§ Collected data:

<<<<

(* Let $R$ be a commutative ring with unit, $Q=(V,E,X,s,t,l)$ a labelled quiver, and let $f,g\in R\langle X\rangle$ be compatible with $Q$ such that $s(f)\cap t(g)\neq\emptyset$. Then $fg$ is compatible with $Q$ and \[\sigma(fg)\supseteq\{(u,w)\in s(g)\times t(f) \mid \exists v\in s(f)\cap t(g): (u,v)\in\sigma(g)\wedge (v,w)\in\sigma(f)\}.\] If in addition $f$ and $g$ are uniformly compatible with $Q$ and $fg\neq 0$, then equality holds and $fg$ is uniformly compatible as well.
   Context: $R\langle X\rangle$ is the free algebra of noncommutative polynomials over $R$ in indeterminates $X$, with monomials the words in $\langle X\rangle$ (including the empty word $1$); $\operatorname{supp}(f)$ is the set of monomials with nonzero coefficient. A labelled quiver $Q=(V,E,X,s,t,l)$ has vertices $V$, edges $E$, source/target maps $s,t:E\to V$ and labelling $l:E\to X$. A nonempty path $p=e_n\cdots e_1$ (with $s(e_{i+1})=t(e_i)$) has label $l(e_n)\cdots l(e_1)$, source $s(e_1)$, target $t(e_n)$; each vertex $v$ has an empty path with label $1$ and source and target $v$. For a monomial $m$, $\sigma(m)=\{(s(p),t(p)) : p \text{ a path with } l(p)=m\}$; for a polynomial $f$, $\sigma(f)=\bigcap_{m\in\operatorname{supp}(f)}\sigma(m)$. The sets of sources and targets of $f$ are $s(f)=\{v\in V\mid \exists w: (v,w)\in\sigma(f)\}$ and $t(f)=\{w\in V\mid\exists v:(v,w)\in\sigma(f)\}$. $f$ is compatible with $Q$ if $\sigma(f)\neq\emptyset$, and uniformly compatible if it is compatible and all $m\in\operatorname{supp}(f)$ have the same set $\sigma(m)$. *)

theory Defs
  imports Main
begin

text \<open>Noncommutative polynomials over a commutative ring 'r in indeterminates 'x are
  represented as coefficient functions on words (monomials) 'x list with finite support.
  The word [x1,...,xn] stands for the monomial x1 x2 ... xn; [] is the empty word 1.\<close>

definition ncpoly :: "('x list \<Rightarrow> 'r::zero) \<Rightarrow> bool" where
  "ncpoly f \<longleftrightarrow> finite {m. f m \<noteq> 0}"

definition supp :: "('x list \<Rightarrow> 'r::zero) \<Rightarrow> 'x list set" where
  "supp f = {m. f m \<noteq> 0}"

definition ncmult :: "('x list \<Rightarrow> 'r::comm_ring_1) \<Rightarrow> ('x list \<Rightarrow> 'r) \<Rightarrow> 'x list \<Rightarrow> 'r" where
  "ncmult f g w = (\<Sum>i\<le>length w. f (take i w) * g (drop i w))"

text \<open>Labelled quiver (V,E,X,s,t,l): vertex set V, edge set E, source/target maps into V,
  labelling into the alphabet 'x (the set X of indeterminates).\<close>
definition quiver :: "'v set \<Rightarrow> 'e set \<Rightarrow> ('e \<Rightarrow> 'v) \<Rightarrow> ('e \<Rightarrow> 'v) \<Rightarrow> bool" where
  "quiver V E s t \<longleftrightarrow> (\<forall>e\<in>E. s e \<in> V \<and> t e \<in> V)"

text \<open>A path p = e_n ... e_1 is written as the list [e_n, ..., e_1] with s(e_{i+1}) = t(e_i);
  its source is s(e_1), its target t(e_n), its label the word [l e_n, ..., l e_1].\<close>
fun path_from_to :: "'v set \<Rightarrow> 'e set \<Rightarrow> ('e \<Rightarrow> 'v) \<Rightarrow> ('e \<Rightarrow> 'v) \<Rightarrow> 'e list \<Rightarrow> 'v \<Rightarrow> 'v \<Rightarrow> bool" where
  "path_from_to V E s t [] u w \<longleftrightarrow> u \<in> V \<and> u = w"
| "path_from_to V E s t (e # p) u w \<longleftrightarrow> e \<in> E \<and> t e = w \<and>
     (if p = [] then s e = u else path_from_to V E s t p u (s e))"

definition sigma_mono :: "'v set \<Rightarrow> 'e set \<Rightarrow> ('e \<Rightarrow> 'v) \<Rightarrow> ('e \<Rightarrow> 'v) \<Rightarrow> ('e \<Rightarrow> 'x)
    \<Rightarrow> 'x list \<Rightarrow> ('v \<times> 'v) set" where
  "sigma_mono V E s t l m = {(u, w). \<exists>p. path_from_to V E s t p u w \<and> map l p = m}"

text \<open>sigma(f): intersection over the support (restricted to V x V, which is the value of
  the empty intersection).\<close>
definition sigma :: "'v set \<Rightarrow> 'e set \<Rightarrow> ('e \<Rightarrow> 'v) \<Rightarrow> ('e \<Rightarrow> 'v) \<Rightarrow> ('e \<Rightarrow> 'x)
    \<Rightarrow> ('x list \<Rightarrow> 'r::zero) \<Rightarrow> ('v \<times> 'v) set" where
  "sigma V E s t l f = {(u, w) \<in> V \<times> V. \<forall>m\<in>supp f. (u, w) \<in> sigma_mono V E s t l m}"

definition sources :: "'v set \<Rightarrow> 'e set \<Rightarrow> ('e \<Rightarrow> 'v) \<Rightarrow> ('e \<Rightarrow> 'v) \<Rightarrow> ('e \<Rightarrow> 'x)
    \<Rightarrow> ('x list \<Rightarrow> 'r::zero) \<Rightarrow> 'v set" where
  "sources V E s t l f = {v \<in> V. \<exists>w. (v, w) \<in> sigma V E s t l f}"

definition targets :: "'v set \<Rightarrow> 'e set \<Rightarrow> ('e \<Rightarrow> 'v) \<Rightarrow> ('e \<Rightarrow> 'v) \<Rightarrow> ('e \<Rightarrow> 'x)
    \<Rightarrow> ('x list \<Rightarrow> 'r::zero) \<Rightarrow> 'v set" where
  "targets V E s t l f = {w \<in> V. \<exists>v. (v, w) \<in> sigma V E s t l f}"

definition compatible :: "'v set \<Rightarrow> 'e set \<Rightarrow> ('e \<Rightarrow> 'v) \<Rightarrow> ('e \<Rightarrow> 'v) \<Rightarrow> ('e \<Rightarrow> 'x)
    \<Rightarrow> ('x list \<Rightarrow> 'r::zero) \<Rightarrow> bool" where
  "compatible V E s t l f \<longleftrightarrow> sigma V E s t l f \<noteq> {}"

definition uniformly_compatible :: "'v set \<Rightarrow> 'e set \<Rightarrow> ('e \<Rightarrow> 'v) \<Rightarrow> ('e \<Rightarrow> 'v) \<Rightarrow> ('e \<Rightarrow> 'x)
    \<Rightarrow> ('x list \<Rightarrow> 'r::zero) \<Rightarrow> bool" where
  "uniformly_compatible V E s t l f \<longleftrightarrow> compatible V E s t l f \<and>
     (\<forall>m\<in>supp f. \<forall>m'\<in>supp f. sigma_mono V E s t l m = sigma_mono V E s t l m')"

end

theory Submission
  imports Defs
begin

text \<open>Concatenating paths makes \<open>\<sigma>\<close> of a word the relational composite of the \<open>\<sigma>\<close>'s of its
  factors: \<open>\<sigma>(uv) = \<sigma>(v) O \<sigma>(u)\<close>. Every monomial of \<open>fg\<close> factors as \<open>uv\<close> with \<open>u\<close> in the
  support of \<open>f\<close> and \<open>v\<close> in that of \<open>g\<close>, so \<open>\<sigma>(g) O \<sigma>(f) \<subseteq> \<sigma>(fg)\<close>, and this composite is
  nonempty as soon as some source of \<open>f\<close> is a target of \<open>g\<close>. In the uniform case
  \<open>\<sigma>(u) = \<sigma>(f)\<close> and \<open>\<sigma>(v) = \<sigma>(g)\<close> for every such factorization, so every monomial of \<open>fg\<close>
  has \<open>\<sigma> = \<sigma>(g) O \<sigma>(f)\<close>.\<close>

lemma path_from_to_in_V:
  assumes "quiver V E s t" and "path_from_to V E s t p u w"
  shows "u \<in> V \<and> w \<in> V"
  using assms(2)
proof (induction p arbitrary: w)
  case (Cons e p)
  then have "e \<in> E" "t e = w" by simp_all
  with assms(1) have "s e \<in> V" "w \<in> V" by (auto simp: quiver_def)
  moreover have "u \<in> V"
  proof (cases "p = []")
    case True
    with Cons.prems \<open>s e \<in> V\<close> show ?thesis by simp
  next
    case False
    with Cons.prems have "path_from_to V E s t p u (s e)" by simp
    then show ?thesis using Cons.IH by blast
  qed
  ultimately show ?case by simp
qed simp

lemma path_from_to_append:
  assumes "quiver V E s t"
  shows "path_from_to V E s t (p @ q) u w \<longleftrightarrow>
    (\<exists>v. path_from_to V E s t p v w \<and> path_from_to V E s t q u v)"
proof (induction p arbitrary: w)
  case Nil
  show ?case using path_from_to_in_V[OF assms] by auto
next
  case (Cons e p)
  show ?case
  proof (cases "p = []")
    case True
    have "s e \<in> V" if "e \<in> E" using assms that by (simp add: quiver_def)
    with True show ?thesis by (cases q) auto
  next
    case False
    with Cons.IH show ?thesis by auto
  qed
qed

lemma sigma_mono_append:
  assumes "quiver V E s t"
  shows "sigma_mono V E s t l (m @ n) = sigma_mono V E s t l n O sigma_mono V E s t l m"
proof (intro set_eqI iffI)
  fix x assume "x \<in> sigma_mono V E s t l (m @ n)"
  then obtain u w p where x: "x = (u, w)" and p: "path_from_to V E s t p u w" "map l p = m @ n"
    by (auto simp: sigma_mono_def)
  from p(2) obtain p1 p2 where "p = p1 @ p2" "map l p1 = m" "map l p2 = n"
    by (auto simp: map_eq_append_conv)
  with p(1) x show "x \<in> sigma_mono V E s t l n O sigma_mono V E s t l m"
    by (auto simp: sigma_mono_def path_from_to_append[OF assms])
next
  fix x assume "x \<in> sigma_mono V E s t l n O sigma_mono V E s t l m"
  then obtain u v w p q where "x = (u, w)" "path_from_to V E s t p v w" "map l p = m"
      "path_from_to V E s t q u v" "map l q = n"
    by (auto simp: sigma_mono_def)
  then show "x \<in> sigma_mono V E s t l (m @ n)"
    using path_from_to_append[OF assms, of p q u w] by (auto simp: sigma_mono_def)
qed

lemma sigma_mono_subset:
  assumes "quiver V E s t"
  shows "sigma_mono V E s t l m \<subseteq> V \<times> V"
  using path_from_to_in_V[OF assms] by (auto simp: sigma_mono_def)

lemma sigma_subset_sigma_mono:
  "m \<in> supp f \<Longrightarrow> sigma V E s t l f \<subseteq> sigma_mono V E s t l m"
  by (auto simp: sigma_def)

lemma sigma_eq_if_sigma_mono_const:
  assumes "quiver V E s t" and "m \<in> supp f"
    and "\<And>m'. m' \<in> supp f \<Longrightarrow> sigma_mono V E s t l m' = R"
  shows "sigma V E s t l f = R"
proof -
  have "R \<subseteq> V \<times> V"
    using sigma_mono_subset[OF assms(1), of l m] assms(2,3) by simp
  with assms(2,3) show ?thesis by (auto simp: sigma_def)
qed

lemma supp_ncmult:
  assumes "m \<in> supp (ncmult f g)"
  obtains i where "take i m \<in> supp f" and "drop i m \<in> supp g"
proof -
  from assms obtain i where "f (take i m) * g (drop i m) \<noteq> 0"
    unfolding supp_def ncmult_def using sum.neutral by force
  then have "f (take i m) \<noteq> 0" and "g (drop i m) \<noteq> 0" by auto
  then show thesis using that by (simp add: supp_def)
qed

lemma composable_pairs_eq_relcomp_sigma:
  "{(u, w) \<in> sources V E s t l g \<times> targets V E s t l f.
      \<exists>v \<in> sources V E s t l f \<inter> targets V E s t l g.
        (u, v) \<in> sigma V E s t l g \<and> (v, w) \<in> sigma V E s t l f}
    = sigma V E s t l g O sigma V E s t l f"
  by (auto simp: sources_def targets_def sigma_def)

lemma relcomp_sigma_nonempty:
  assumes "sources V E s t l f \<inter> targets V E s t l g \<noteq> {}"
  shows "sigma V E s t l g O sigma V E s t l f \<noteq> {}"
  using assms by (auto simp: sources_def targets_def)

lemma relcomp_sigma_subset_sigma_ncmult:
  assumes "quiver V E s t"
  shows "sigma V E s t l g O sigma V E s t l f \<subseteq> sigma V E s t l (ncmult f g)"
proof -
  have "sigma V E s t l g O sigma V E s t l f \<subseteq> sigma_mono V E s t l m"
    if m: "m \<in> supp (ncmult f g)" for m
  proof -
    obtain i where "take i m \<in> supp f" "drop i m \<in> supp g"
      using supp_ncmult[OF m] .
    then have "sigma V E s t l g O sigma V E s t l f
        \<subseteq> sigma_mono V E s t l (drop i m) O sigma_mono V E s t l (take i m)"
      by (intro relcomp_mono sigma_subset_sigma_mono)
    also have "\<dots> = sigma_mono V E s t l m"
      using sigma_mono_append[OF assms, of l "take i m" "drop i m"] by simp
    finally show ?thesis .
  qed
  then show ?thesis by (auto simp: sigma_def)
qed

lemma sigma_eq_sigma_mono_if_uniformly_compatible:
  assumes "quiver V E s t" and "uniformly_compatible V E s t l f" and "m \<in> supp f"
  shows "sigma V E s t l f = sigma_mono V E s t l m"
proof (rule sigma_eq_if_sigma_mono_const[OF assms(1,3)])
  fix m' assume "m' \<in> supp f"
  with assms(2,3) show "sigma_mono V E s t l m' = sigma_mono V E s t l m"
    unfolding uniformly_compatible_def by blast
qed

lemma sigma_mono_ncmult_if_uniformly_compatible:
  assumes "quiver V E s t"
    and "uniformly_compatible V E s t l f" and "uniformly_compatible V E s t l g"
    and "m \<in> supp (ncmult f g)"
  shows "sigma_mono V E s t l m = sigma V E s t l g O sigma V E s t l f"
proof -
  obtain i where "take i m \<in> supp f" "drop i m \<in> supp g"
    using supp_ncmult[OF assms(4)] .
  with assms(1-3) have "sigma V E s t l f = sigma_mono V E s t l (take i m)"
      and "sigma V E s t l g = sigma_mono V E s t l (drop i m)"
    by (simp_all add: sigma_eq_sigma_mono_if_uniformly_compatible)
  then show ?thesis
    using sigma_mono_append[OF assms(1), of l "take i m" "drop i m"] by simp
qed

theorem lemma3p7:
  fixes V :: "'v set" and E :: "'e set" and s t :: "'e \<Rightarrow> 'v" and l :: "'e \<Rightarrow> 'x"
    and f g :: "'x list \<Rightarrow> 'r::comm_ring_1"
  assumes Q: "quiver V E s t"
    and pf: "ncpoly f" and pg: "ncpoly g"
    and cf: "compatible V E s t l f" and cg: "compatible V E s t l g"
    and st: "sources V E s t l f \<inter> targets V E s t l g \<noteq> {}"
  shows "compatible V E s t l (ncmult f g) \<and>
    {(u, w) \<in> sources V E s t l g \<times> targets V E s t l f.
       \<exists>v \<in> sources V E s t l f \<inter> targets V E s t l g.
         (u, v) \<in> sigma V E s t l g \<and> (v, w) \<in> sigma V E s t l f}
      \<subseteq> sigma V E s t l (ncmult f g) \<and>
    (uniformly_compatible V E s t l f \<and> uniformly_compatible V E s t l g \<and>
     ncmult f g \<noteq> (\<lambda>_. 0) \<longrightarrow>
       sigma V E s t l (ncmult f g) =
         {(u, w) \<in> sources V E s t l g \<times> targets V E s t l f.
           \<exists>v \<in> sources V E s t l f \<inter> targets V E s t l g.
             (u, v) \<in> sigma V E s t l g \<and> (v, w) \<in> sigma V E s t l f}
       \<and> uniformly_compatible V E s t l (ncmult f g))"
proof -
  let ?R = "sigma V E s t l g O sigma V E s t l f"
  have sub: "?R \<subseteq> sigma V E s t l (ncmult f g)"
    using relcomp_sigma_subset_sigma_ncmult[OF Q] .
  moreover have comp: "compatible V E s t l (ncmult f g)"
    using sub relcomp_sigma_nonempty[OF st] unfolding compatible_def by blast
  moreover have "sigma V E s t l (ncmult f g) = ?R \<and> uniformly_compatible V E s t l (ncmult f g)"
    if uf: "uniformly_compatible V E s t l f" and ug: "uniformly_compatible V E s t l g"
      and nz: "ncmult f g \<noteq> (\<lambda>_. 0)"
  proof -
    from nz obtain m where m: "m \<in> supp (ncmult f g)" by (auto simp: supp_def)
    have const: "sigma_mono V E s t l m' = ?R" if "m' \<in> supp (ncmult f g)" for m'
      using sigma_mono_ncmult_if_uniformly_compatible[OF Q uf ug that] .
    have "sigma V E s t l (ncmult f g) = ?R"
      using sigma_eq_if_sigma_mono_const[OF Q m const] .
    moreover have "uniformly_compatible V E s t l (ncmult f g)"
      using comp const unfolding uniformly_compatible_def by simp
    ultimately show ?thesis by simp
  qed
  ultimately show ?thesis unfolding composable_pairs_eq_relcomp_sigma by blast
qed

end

>>>>

§ How to complete this task:
When the line with "then show thesis" is reached in the data above, begin copying, and stop after the line with "by (intro relcomp_mono"; copy each line exactly, both ends included.

§ Result:
  then show thesis using that by (simp add: supp_def)
qed

lemma composable_pairs_eq_relcomp_sigma:
  "{(u, w) \<in> sources V E s t l g \<times> targets V E s t l f.
      \<exists>v \<in> sources V E s t l f \<inter> targets V E s t l g.
        (u, v) \<in> sigma V E s t l g \<and> (v, w) \<in> sigma V E s t l f}
    = sigma V E s t l g O sigma V E s t l f"
  by (auto simp: sources_def targets_def sigma_def)

lemma relcomp_sigma_nonempty:
  assumes "sources V E s t l f \<inter> targets V E s t l g \<noteq> {}"
  shows "sigma V E s t l g O sigma V E s t l f \<noteq> {}"
  using assms by (auto simp: sources_def targets_def)

lemma relcomp_sigma_subset_sigma_ncmult:
  assumes "quiver V E s t"
  shows "sigma V E s t l g O sigma V E s t l f \<subseteq> sigma V E s t l (ncmult f g)"
proof -
  have "sigma V E s t l g O sigma V E s t l f \<subseteq> sigma_mono V E s t l m"
    if m: "m \<in> supp (ncmult f g)" for m
  proof -
    obtain i where "take i m \<in> supp f" "drop i m \<in> supp g"
      using supp_ncmult[OF m] .
    then have "sigma V E s t l g O sigma V E s t l f
        \<subseteq> sigma_mono V E s t l (drop i m) O sigma_mono V E s t l (take i m)"
      by (intro relcomp_mono sigma_subset_sigma_mono)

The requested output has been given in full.